▶ Exercise requirements
Please return the lines below verbatim, beginning at the one that has "by (simp add: cube_zero)" and stopping after the one that has "(supnorm n)) +", and add no other lines.

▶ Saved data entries
□ □ □ □ □
(* (a) For all $\beta,\eta,\hat v(0)>0$ and $\mu\in\mathbb{R}$, the equation $$\sum_{p\in\Lambda^*}\frac{1}{e^{\beta(p^2-\widetilde\mu)}-1}=\frac{(\mu-\widetilde\mu)\eta}{\hat v(0)}$$ has a unique solution $\widetilde\mu\in(-\infty,0)$. (b) Fix $\kappa\in(0,\infty)$, $\hat v(0)>0$ and $c_0\in(0,1]$, and let $\beta=\kappa\beta_{\mathrm c}(\eta)$ with $\beta_{\mathrm c}(\eta)=\frac{1}{4\pi}\big(\frac{\eta}{\zeta(3/2)}\big)^{-2/3}$. There exist constants $c\in(0,1]$, $C>0$ and $\eta_0>0$ (depending on $\kappa,\hat v(0),c_0$) such that for all $\eta\ge\eta_0$ and all $\mu$ with $-c_0^{-1}\eta^{2/3}\le\mu\le c_0^{-1}$, the solution $\widetilde\mu$ of (a) satisfies $c\le\mu-\widetilde\mu\le c^{-1}$; moreover $-\widetilde\mu\le C$ if $\mu\ge0$, and $-\widetilde\mu\le C\eta^{2/3}$ if $\mu<0$. (c) Under the assumptions of (b), possibly after decreasing $c$, $\;c\eta\le\sum_{p\in\Lambda^*}\frac{1}{e^{\beta(p^2-\widetilde\mu)}-1}\le c^{-1}\eta$.
   Context: $\Lambda^*=2\pi\mathbb{Z}^3$ (the dual lattice of the unit torus $[0,1]^3$); $\zeta$ is the Riemann zeta function; $\hat v(0)>0$ is a given positive constant. *)

theory Defs
  imports "HOL-Analysis.Analysis"
begin

text \<open>Dual lattice \<Lambda>* = 2\<pi>Z^3, parametrised by n \<in> Z^3 via p = 2\<pi> n.\<close>

definition lattice_pt :: "int \<times> int \<times> int \<Rightarrow> real \<times> real \<times> real" where
  "lattice_pt n = (case n of (a, b, c) \<Rightarrow> (2*pi*real_of_int a, 2*pi*real_of_int b, 2*pi*real_of_int c))"

definition psq :: "int \<times> int \<times> int \<Rightarrow> real" where
  "psq n = (case lattice_pt n of (x, y, z) \<Rightarrow> x^2 + y^2 + z^2)"

definition bose_sum :: "real \<Rightarrow> real \<Rightarrow> real" where
  "bose_sum \<beta> m = (\<Sum>\<^sub>\<infinity>n\<in>(UNIV :: (int \<times> int \<times> int) set). 1 / (exp (\<beta> * (psq n - m)) - 1))"

definition zeta32 :: real where
  "zeta32 = (\<Sum>k. 1 / (real (Suc k)) powr (3/2))"

definition beta_c :: "real \<Rightarrow> real" where
  "beta_c \<eta> = (1 / (4*pi)) * (\<eta> / zeta32) powr (-(2/3))"

end

theory Submission
  imports Defs
begin

(*
  Writing p = 2 pi n with n in Z^3, the Bose sum at inverse temperature \<beta> and chemical
  potential m < 0 is the lattice sum of bose (b |n|^2 + a) with b = 4 pi^2 \<beta> and a = -\<beta> m > 0,
  where bose x = 1 / (e^x - 1).

  For 0 < b <= 1 this sum is bose a + O(b^(-3/2)): the sup-norm shell of radius k has at most
  26 k^2 points, and bounding bose x by 1/x on the shells with k <= b^(-1/2) and by 4/x^2
  beyond gives the upper bound, while the (2K+1)^3 points of the cube of radius
  K = floor (b^(-1/2)) each contribute at least e^(-(a+3)), which gives the lower bound.

  (a) The sum is continuous and strictly increasing in m on (-oo, 0) and blows up as m -> 0
  through its n = 0 term, whereas the right-hand side (\<mu> - m) \<eta> / v0 decreases in m;
  the intermediate value theorem gives the unique solution.

  (b), (c) For \<beta> = \<kappa> \<beta>_c(\<eta>) ~ \<eta>^(-2/3) we have b^(-3/2) ~ \<eta>, so the equation
  reads (\<mu> - m) \<eta> / v0 ~ \<eta> up to the n = 0 term. If \<mu> - m < 1, then -\<beta> m stays bounded
  and the lower bound gives \<mu> - m >= const; if \<mu> - m > 2/c0, then -m >= 1/c0, so
  bose (-\<beta> m) <= 1/(-\<beta> m) = O(\<eta>) and the upper bound gives \<mu> - m <= const.
*)

definition bose :: "real \<Rightarrow> real" where
  "bose x = 1 / (exp x - 1)"

lemma bose_pos: "0 < x \<Longrightarrow> 0 < bose x"
  by (simp add: bose_def)

lemma bose_antimono: "0 < x \<Longrightarrow> x \<le> y \<Longrightarrow> bose y \<le> bose x"
  unfolding bose_def by (rule divide_left_mono) auto

lemma bose_strict_antimono: "0 < x \<Longrightarrow> x < y \<Longrightarrow> bose y < bose x"
  unfolding bose_def by (rule divide_strict_left_mono) auto

lemma bose_le_inverse:
  assumes "0 < x"
  shows "bose x \<le> 1 / x"
proof -
  have "x \<le> exp x - 1"
    using exp_ge_add_one_self[of x] by linarith
  with assms show ?thesis
    unfolding bose_def by (intro divide_left_mono) auto
qed

lemma bose_le_inverse_square:
  assumes "0 < x"
  shows "bose x \<le> 4 / x^2"
proof -
  have "1 + x/2 \<le> exp (x/2)"
    by (rule exp_ge_add_one_self)
  then have "(1 + x/2)^2 \<le> exp (x/2)^2"
    using assms by (intro power_mono) auto
  also have "exp (x/2)^2 = exp x"
    by (simp flip: exp_of_nat_mult)
  finally have "1 + x + x^2/4 \<le> exp x"
    by (simp add: power2_eq_square algebra_simps)
  then have "x^2/4 \<le> exp x - 1"
    using assms by linarith
  moreover have "0 < x^2/4"
    using assms by simp
  ultimately have "1 / (exp x - 1) \<le> 1 / (x^2/4)"
    using assms by (intro divide_left_mono) (auto intro!: mult_pos_pos)
  then show ?thesis
    by (simp add: bose_def)
qed

lemma exp_minus_le_bose: "0 < x \<Longrightarrow> exp (-x) \<le> bose x"
  by (simp add: bose_def exp_minus field_simps)

lemma inverse_minus_one_le_bose:
  assumes "0 < x"
  shows "1/x - 1 \<le> bose x"
proof -
  have "1 - x \<le> exp (-x)"
    by (rule exp_minus_ge)
  then have "(1 - x) * (exp x - 1) \<le> x"
    by (simp add: exp_minus field_simps)
  moreover have "0 < exp x - 1"
    using assms by simp
  ultimately have "(1 - x) / x \<le> 1 / (exp x - 1)"
    using assms by (simp add: divide_simps mult.commute)
  then show ?thesis
    using assms by (simp add: bose_def diff_divide_distrib)
qed

lemma bose_diff:
  assumes "0 < x" "x \<le> y"
  shows "bose x - bose y = (exp (y - x) - 1) * (1 + bose x) * bose y"
proof -
  define E F where "E = exp x" and "F = exp (y - x)"
  have "E > 1" "E * F > 1"
    using assms by (simp_all add: E_def F_def flip: exp_add)
  then have "1 / (E - 1) - 1 / (E * F - 1) = (F - 1) * (E / (E - 1)) * (1 / (E * F - 1))"
    by (simp add: field_simps)
  moreover have "1 + 1 / (E - 1) = E / (E - 1)"
    using \<open>E > 1\<close> by (simp add: field_simps)
  ultimately show ?thesis
    by (simp add: bose_def E_def F_def flip: exp_add)
qed

definition sqnorm :: "int \<times> int \<times> int \<Rightarrow> int" where
  "sqnorm n = (case n of (x, y, z) \<Rightarrow> x^2 + y^2 + z^2)"

definition supnorm :: "int \<times> int \<times> int \<Rightarrow> nat" where
  "supnorm n = (case n of (x, y, z) \<Rightarrow> nat (max \<bar>x\<bar> (max \<bar>y\<bar> \<bar>z\<bar>)))"

definition cube :: "nat \<Rightarrow> (int \<times> int \<times> int) set" where
  "cube R = {-int R..int R} \<times> {-int R..int R} \<times> {-int R..int R}"

lemma psq_eq_sqnorm: "psq n = 4 * pi^2 * of_int (sqnorm n)"
  by (cases n) (simp add: psq_def lattice_pt_def sqnorm_def power_mult_distrib algebra_simps)

lemma sqnorm_nonneg: "0 \<le> sqnorm n"
  by (cases n) (simp add: sqnorm_def)

lemma sqnorm_zero [simp]: "sqnorm 0 = 0"
  by (simp add: sqnorm_def zero_prod_def)

lemma supnorm_pos: "n \<noteq> 0 \<Longrightarrow> 1 \<le> supnorm n"
  by (cases n) (auto simp: supnorm_def zero_prod_def)

lemma supnorm_sq_le_sqnorm: "int (supnorm n)^2 \<le> sqnorm n"
proof (cases n)
  case (fields x y z)
  have "max \<bar>x\<bar> (max \<bar>y\<bar> \<bar>z\<bar>) ^ 2 \<in> {x^2, y^2, z^2}"
    by (auto simp: max_def)
  then show ?thesis
    using fields by (auto simp: sqnorm_def supnorm_def)
qed

lemma sqnorm_le_supnorm_sq: "sqnorm n \<le> 3 * int (supnorm n)^2"
proof (cases n)
  case (fields x y z)
  define s where "s = max \<bar>x\<bar> (max \<bar>y\<bar> \<bar>z\<bar>)"
  have "\<bar>x\<bar> \<le> \<bar>s\<bar>" "\<bar>y\<bar> \<le> \<bar>s\<bar>" "\<bar>z\<bar> \<le> \<bar>s\<bar>"
    by (auto simp: s_def)
  then have "x^2 \<le> s^2" "y^2 \<le> s^2" "z^2 \<le> s^2"
    by (simp_all add: abs_le_square_iff)
  moreover have "0 \<le> s"
    by (simp add: s_def)
  ultimately show ?thesis
    using fields by (simp add: sqnorm_def supnorm_def s_def[symmetric])
qed

lemma mem_cube_iff: "n \<in> cube R \<longleftrightarrow> supnorm n \<le> R"
  by (cases n) (auto simp: cube_def supnorm_def)

lemma finite_cube [simp]: "finite (cube R)"
  by (simp add: cube_def)

lemma card_cube: "card (cube R) = (2 * R + 1)^3"
proof -
  have "card {-int R..int R} = 2 * R + 1"
    by simp
  then show ?thesis
    by (simp add: cube_def card_cartesian_product power3_eq_cube)
qed

lemma cube_mono: "R \<le> R' \<Longrightarrow> cube R \<subseteq> cube R'"
  by (auto simp: mem_cube_iff)

lemma cube_zero: "cube 0 = {0}"
  by (auto simp: cube_def zero_prod_def)

lemma card_cube_shell: "real (card (cube (Suc R) - cube R)) \<le> 26 * real (Suc R)^2"
proof -
  have "card (cube (Suc R) - cube R) = (2 * Suc R + 1)^3 - (2 * R + 1)^3"
    using cube_mono[of R "Suc R"] by (simp add: card_Diff_subset card_cube)
  moreover have "(2 * R + 1)^3 \<le> (2 * Suc R + 1)^3"
    by (intro power_mono) auto
  ultimately have "real (card (cube (Suc R) - cube R)) = 24 * real R^2 + 48 * real R + 26"
    by (simp add: of_nat_diff power3_eq_cube power2_eq_square algebra_simps)
  then show ?thesis
    by (simp add: power2_eq_square algebra_simps)
qed

lemma sum_cube_le_shells:
  assumes "\<And>k. 0 \<le> \<phi> k"
  shows "(\<Sum>n\<in>cube R - {0}. \<phi> (supnorm n)) \<le> (\<Sum>k=1..R. 26 * real k^2 * \<phi> k)"
proof (induction R)
  case 0
  then show ?case
    by (simp add: cube_zero)
next
  case (Suc R)
  have "cube (Suc R) - {0} = (cube R - {0}) \<union> (cube (Suc R) - cube R)"
    using cube_mono[of R "Suc R"] cube_mono[of 0 R] cube_zero by auto
  then have "(\<Sum>n\<in>cube (Suc R) - {0}. \<phi> (supnorm n)) =
      (\<Sum>n\<in>cube R - {0}. \<phi> (supnorm n)) + (\<Sum>n\<in>cube (Suc R) - cube R. \<phi> (supnorm n))"
    by (simp add: sum.union_disjoint Diff_Int_distrib2)
  also have "(\<Sum>n\<in>cube (Suc R) - cube R. \<phi> (supnorm n)) = (\<Sum>n\<in>cube (Suc R) - cube R. \<phi> (Suc R))"
    by (intro sum.cong refl arg_cong[where f = \<phi>]) (auto simp: mem_cube_iff)
  also have "\<dots> \<le> 26 * real (Suc R)^2 * \<phi> (Suc R)"
    using mult_right_mono[OF card_cube_shell assms] by simp
  finally show ?case
    using Suc.IH by simp
qed

lemma sum_inverse_squares_tail:
  assumes "1 \<le> K"
  shows "(\<Sum>k\<in>{K<..R}. 1 / real k^2) \<le> 1 / real K"
proof (cases "K \<le> R")
  case True
  have "(\<Sum>k\<in>{K<..R'}. 1 / real k^2) \<le> 1 / real K - 1 / real R'" if "K \<le> R'" for R'
    using that
  proof (induction R' rule: dec_induct)
    case base
    then show ?case by simp
  next
    case (step R)
    have "1 \<le> real R"
      using assms step by simp
    then have "1 / real (Suc R)^2 \<le> 1 / (real R * real (Suc R))"
      by (intro divide_left_mono) (auto simp: power2_eq_square)
    also have "\<dots> = 1 / real R - 1 / real (Suc R)"
      using \<open>1 \<le> real R\<close> by (simp add: field_simps)
    finally have "1 / real (Suc R)^2 \<le> 1 / real R - 1 / real (Suc R)" .
    moreover have "{K<..Suc R} = insert (Suc R) {K<..R}"
      using step by auto
    ultimately show ?case
      using step.IH by simp
  qed
  from this[OF True] show ?thesis
    by (rule order_trans) simp
qed simp

definition bose_term :: "real \<Rightarrow> real \<Rightarrow> int \<times> int \<times> int \<Rightarrow> real" where
  "bose_term b a n = bose (b * of_int (sqnorm n) + a)"

definition lattice_bose_sum :: "real \<Rightarrow> real \<Rightarrow> real" where
  "lattice_bose_sum b a = (\<Sum>\<^sub>\<infinity>n. bose_term b a n)"

lemma bose_sum_eq_lattice_bose_sum: "bose_sum \<beta> m = lattice_bose_sum (4 * pi^2 * \<beta>) (- \<beta> * m)"
proof -
  have "(\<lambda>n. 1 / (exp (\<beta> * (psq n - m)) - 1)) = bose_term (4 * pi^2 * \<beta>) (- \<beta> * m)"
    by (simp add: fun_eq_iff bose_term_def bose_def psq_eq_sqnorm algebra_simps)
  then show ?thesis
    by (simp add: bose_sum_def lattice_bose_sum_def)
qed

lemma bose_term_pos: "0 \<le> b \<Longrightarrow> 0 < a \<Longrightarrow> 0 < bose_term b a n"
  unfolding bose_term_def using sqnorm_nonneg[of n]
  by (intro bose_pos add_nonneg_pos) auto

lemma bose_term_zero [simp]: "bose_term b a 0 = bose a"
  by (simp add: bose_term_def)

lemma bose_term_le_supnorm:
  assumes "0 < b" "0 \<le> a" "n \<noteq> 0"
  shows "bose_term b a n \<le> bose (b * real (supnorm n)^2)"
proof -
  have "real (supnorm n)^2 \<le> of_int (sqnorm n)"
    using supnorm_sq_le_sqnorm[of n] by (metis of_int_le_iff of_int_of_nat_eq of_int_power)
  then have "b * real (supnorm n)^2 \<le> b * of_int (sqnorm n)"
    using assms by (simp add: mult_left_mono)
  then have "b * real (supnorm n)^2 \<le> b * of_int (sqnorm n) + a"
    using assms by linarith
  with assms supnorm_pos[of n] show ?thesis
    unfolding bose_term_def by (intro bose_antimono) auto
qed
□ □ □ □ □
▶ Expected output
    by (simp add: cube_zero)
next
  case (Suc R)
  have "cube (Suc R) - {0} = (cube R - {0}) \<union> (cube (Suc R) - cube R)"
    using cube_mono[of R "Suc R"] cube_mono[of 0 R] cube_zero by auto
  then have "(\<Sum>n\<in>cube (Suc R) - {0}. \<phi> (supnorm n)) =
      (\<Sum>n\<in>cube R - {0}. \<phi> (supnorm n)) + (\<Sum>n\<in>cube (Suc R) - cube R. \<phi> (supnorm n))"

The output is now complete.